**Exercise goal:**
Restate the records in full, so that each line matches the original exactly.

**Record extracts:**
(* Let $s\ge 3$ be an integer, let $a,a_3,\dots,a_s\in\mathbb{R}$, and let \[ \psi(z)=\frac{1+\left(1-as\right)z+\left(\tfrac12-as+a^2\binom{s}{2}\right)z^2+\sum_{n=3}^{s}a_nz^n}{(1-az)^s}. \] (Every element of $\widehat{\Pi}_{s/s,2}$ can be written in this form.) If $R(\psi)>s-1$, then $a>0$.
   Context: A real rational function $\psi$ is always considered in lowest terms, as a smooth function on $\mathbb{R}$ minus its finitely many poles. It is absolutely monotonic at $x\in\mathbb{R}$ if $x$ is not a pole and $\psi^{(k)}(x)\ge 0$ for all integers $k\ge 0$. The radius of absolute monotonicity is $R(\psi)=\sup\big(\{r\in[0,\infty): \psi \text{ is absolutely monotonic at each point of } [-r,0]\}\cup\{0\}\big)\in[0,+\infty]$. $\widehat{\Pi}_{s/s,2}$ denotes the set of real rational functions $\psi(z)=P(z)/(1-az)^s$ with $P$ a real polynomial of degree at most $s$ and $a\in\mathbb{R}$, such that $\psi(z)-e^z=O(z^3)$ as $z\to0$. *)

theory Defs
  imports "HOL-Analysis.Analysis" "HOL-Computational_Algebra.Polynomial_Factorial" "HOL-Computational_Algebra.Field_as_Ring"
begin

text \<open>A real rational function is given by a numerator p and a nonzero denominator q;
  it is always considered in lowest terms, i.e. as p' / q' with p' = p div gcd p q and
  q' = q div gcd p q. Its poles are the real roots of q'.\<close>

definition rf_num :: "real poly \<Rightarrow> real poly \<Rightarrow> real poly" where
  "rf_num p q = p div gcd p q"

definition rf_den :: "real poly \<Rightarrow> real poly \<Rightarrow> real poly" where
  "rf_den p q = q div gcd p q"

definition rf_fun :: "real poly \<Rightarrow> real poly \<Rightarrow> real \<Rightarrow> real" where
  "rf_fun p q = (\<lambda>y. poly (rf_num p q) y / poly (rf_den p q) y)"

definition abs_monotonic_at :: "real poly \<Rightarrow> real poly \<Rightarrow> real \<Rightarrow> bool" where
  "abs_monotonic_at p q x \<longleftrightarrow>
     poly (rf_den p q) x \<noteq> 0 \<and> (\<forall>k::nat. (deriv ^^ k) (rf_fun p q) x \<ge> 0)"

definition radius_abs_mono :: "real poly \<Rightarrow> real poly \<Rightarrow> ereal" where
  "radius_abs_mono p q =
     Sup ({ereal r | r. r \<ge> 0 \<and> (\<forall>x\<in>{-r..0}. abs_monotonic_at p q x)} \<union> {0})"

end

theory Submission
  imports Defs
begin

text \<open>Suppose a \<le> 0 and \<psi> is absolutely monotonic on [-r, 0] with r > s - 1. In lowest terms
  \<psi> = N / (1 - a z)^t with t \<le> s, deg N \<le> t, and N(z) \<equiv> e^z (1 - a z)^t mod z^3.
  As a \<le> 0 and [-r, 0] contains no pole, (1 - a z)^t is absolutely monotonic there, hence by
  Leibniz' rule so is the polynomial N = \<psi> (1 - a z)^t. An absolutely monotonic polynomial Q of
  degree \<le> m on [-r, 0] satisfies (x + r) Q'(x) \<le> m Q(x); for Q = N' at x = 0 this reads
  r N''(0) \<le> (t - 1) N'(0). But N'(0) = 1 - a t > 0 and N''(0) = 1 - 2 a t + a^2 t (t - 1) \<ge> N'(0),
  so r \<le> t - 1 \<le> s - 1, a contradiction.\<close>

section \<open>Higher derivatives of real functions\<close>

lemma higher_deriv_poly: "(deriv ^^ k) (poly P) = poly ((pderiv ^^ k) P)"
proof (induction k)
  case (Suc k)
  show ?case
    by (simp add: Suc fun_eq_iff) (meson DERIV_imp_deriv poly_DERIV)
qed simp

lemma higher_deriv_cong_open:
  fixes f g :: "real \<Rightarrow> real"
  assumes "open U" "\<And>y. y \<in> U \<Longrightarrow> f y = g y" "x \<in> U"
  shows "(deriv ^^ k) f x = (deriv ^^ k) g x"
  using assms(3)
proof (induction k arbitrary: x)
  case (Suc k)
  have "eventually (\<lambda>y. y \<in> U) (nhds x)"
    using assms(1) Suc.prems eventually_nhds_in_open by blast
  then have "eventually (\<lambda>y. (deriv ^^ k) f y = (deriv ^^ k) g y) (nhds x)"
    by (rule eventually_mono) (use Suc.IH in auto)
  then show ?case by (simp add: deriv_cong_ev)
qed (use assms in simp)

definition smooth_on :: "(real \<Rightarrow> real) \<Rightarrow> real set \<Rightarrow> bool" where
  "smooth_on f U \<longleftrightarrow> (\<forall>k. \<forall>x\<in>U. (deriv ^^ k) f differentiable (at x))"

lemma smooth_on_poly: "smooth_on (poly P) U"
  unfolding smooth_on_def higher_deriv_poly real_differentiable_def
  by (meson poly_DERIV)

lemma open_poly_nonzero: "open {x :: real. poly D x \<noteq> 0}"
  by (rule open_Collect_neq) (auto intro: continuous_intros)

**Result of this exercise:**
(* Let $s\ge 3$ be an integer, let $a,a_3,\dots,a_s\in\mathbb{R}$, and let \[ \psi(z)=\frac{1+\left(1-as\right)z+\left(\tfrac12-as+a^2\binom{s}{2}\right)z^2+\sum_{n=3}^{s}a_nz^n}{(1-az)^s}. \] (Every element of $\widehat{\Pi}_{s/s,2}$ can be written in this form.) If $R(\psi)>s-1$, then $a>0$.
   Context: A real rational function $\psi$ is always considered in lowest terms, as a smooth function on $\mathbb{R}$ minus its finitely many poles. It is absolutely monotonic at $x\in\mathbb{R}$ if $x$ is not a pole and $\psi^{(k)}(x)\ge 0$ for all integers $k\ge 0$. The radius of absolute monotonicity is $R(\psi)=\sup\big(\{r\in[0,\infty): \psi \text{ is absolutely monotonic at each point of } [-r,0]\}\cup\{0\}\big)\in[0,+\infty]$. $\widehat{\Pi}_{s/s,2}$ denotes the set of real rational functions $\psi(z)=P(z)/(1-az)^s$ with $P$ a real polynomial of degree at most $s$ and $a\in\mathbb{R}$, such that $\psi(z)-e^z=O(z^3)$ as $z\to0$. *)

theory Defs
  imports "HOL-Analysis.Analysis" "HOL-Computational_Algebra.Polynomial_Factorial" "HOL-Computational_Algebra.Field_as_Ring"
begin

text \<open>A real rational function is given by a numerator p and a nonzero denominator q;
  it is always considered in lowest terms, i.e. as p' / q' with p' = p div gcd p q and
  q' = q div gcd p q. Its poles are the real roots of q'.\<close>

definition rf_num :: "real poly \<Rightarrow> real poly \<Rightarrow> real poly" where
  "rf_num p q = p div gcd p q"

definition rf_den :: "real poly \<Rightarrow> real poly \<Rightarrow> real poly" where
  "rf_den p q = q div gcd p q"

definition rf_fun :: "real poly \<Rightarrow> real poly \<Rightarrow> real \<Rightarrow> real" where
  "rf_fun p q = (\<lambda>y. poly (rf_num p q) y / poly (rf_den p q) y)"

definition abs_monotonic_at :: "real poly \<Rightarrow> real poly \<Rightarrow> real \<Rightarrow> bool" where
  "abs_monotonic_at p q x \<longleftrightarrow>
     poly (rf_den p q) x \<noteq> 0 \<and> (\<forall>k::nat. (deriv ^^ k) (rf_fun p q) x \<ge> 0)"

definition radius_abs_mono :: "real poly \<Rightarrow> real poly \<Rightarrow> ereal" where
  "radius_abs_mono p q =
     Sup ({ereal r | r. r \<ge> 0 \<and> (\<forall>x\<in>{-r..0}. abs_monotonic_at p q x)} \<union> {0})"

end

theory Submission
  imports Defs
begin

text \<open>Suppose a \<le> 0 and \<psi> is absolutely monotonic on [-r, 0] with r > s - 1. In lowest terms
  \<psi> = N / (1 - a z)^t with t \<le> s, deg N \<le> t, and N(z) \<equiv> e^z (1 - a z)^t mod z^3.
  As a \<le> 0 and [-r, 0] contains no pole, (1 - a z)^t is absolutely monotonic there, hence by
  Leibniz' rule so is the polynomial N = \<psi> (1 - a z)^t. An absolutely monotonic polynomial Q of
  degree \<le> m on [-r, 0] satisfies (x + r) Q'(x) \<le> m Q(x); for Q = N' at x = 0 this reads
  r N''(0) \<le> (t - 1) N'(0). But N'(0) = 1 - a t > 0 and N''(0) = 1 - 2 a t + a^2 t (t - 1) \<ge> N'(0),
  so r \<le> t - 1 \<le> s - 1, a contradiction.\<close>

section \<open>Higher derivatives of real functions\<close>

lemma higher_deriv_poly: "(deriv ^^ k) (poly P) = poly ((pderiv ^^ k) P)"
proof (induction k)
  case (Suc k)
  show ?case
    by (simp add: Suc fun_eq_iff) (meson DERIV_imp_deriv poly_DERIV)
qed simp

lemma higher_deriv_cong_open:
  fixes f g :: "real \<Rightarrow> real"
  assumes "open U" "\<And>y. y \<in> U \<Longrightarrow> f y = g y" "x \<in> U"
  shows "(deriv ^^ k) f x = (deriv ^^ k) g x"
  using assms(3)
proof (induction k arbitrary: x)
  case (Suc k)
  have "eventually (\<lambda>y. y \<in> U) (nhds x)"
    using assms(1) Suc.prems eventually_nhds_in_open by blast
  then have "eventually (\<lambda>y. (deriv ^^ k) f y = (deriv ^^ k) g y) (nhds x)"
    by (rule eventually_mono) (use Suc.IH in auto)
  then show ?case by (simp add: deriv_cong_ev)
qed (use assms in simp)

definition smooth_on :: "(real \<Rightarrow> real) \<Rightarrow> real set \<Rightarrow> bool" where
  "smooth_on f U \<longleftrightarrow> (\<forall>k. \<forall>x\<in>U. (deriv ^^ k) f differentiable (at x))"

lemma smooth_on_poly: "smooth_on (poly P) U"
  unfolding smooth_on_def higher_deriv_poly real_differentiable_def
  by (meson poly_DERIV)

lemma open_poly_nonzero: "open {x :: real. poly D x \<noteq> 0}"
  by (rule open_Collect_neq) (auto intro: continuous_intros)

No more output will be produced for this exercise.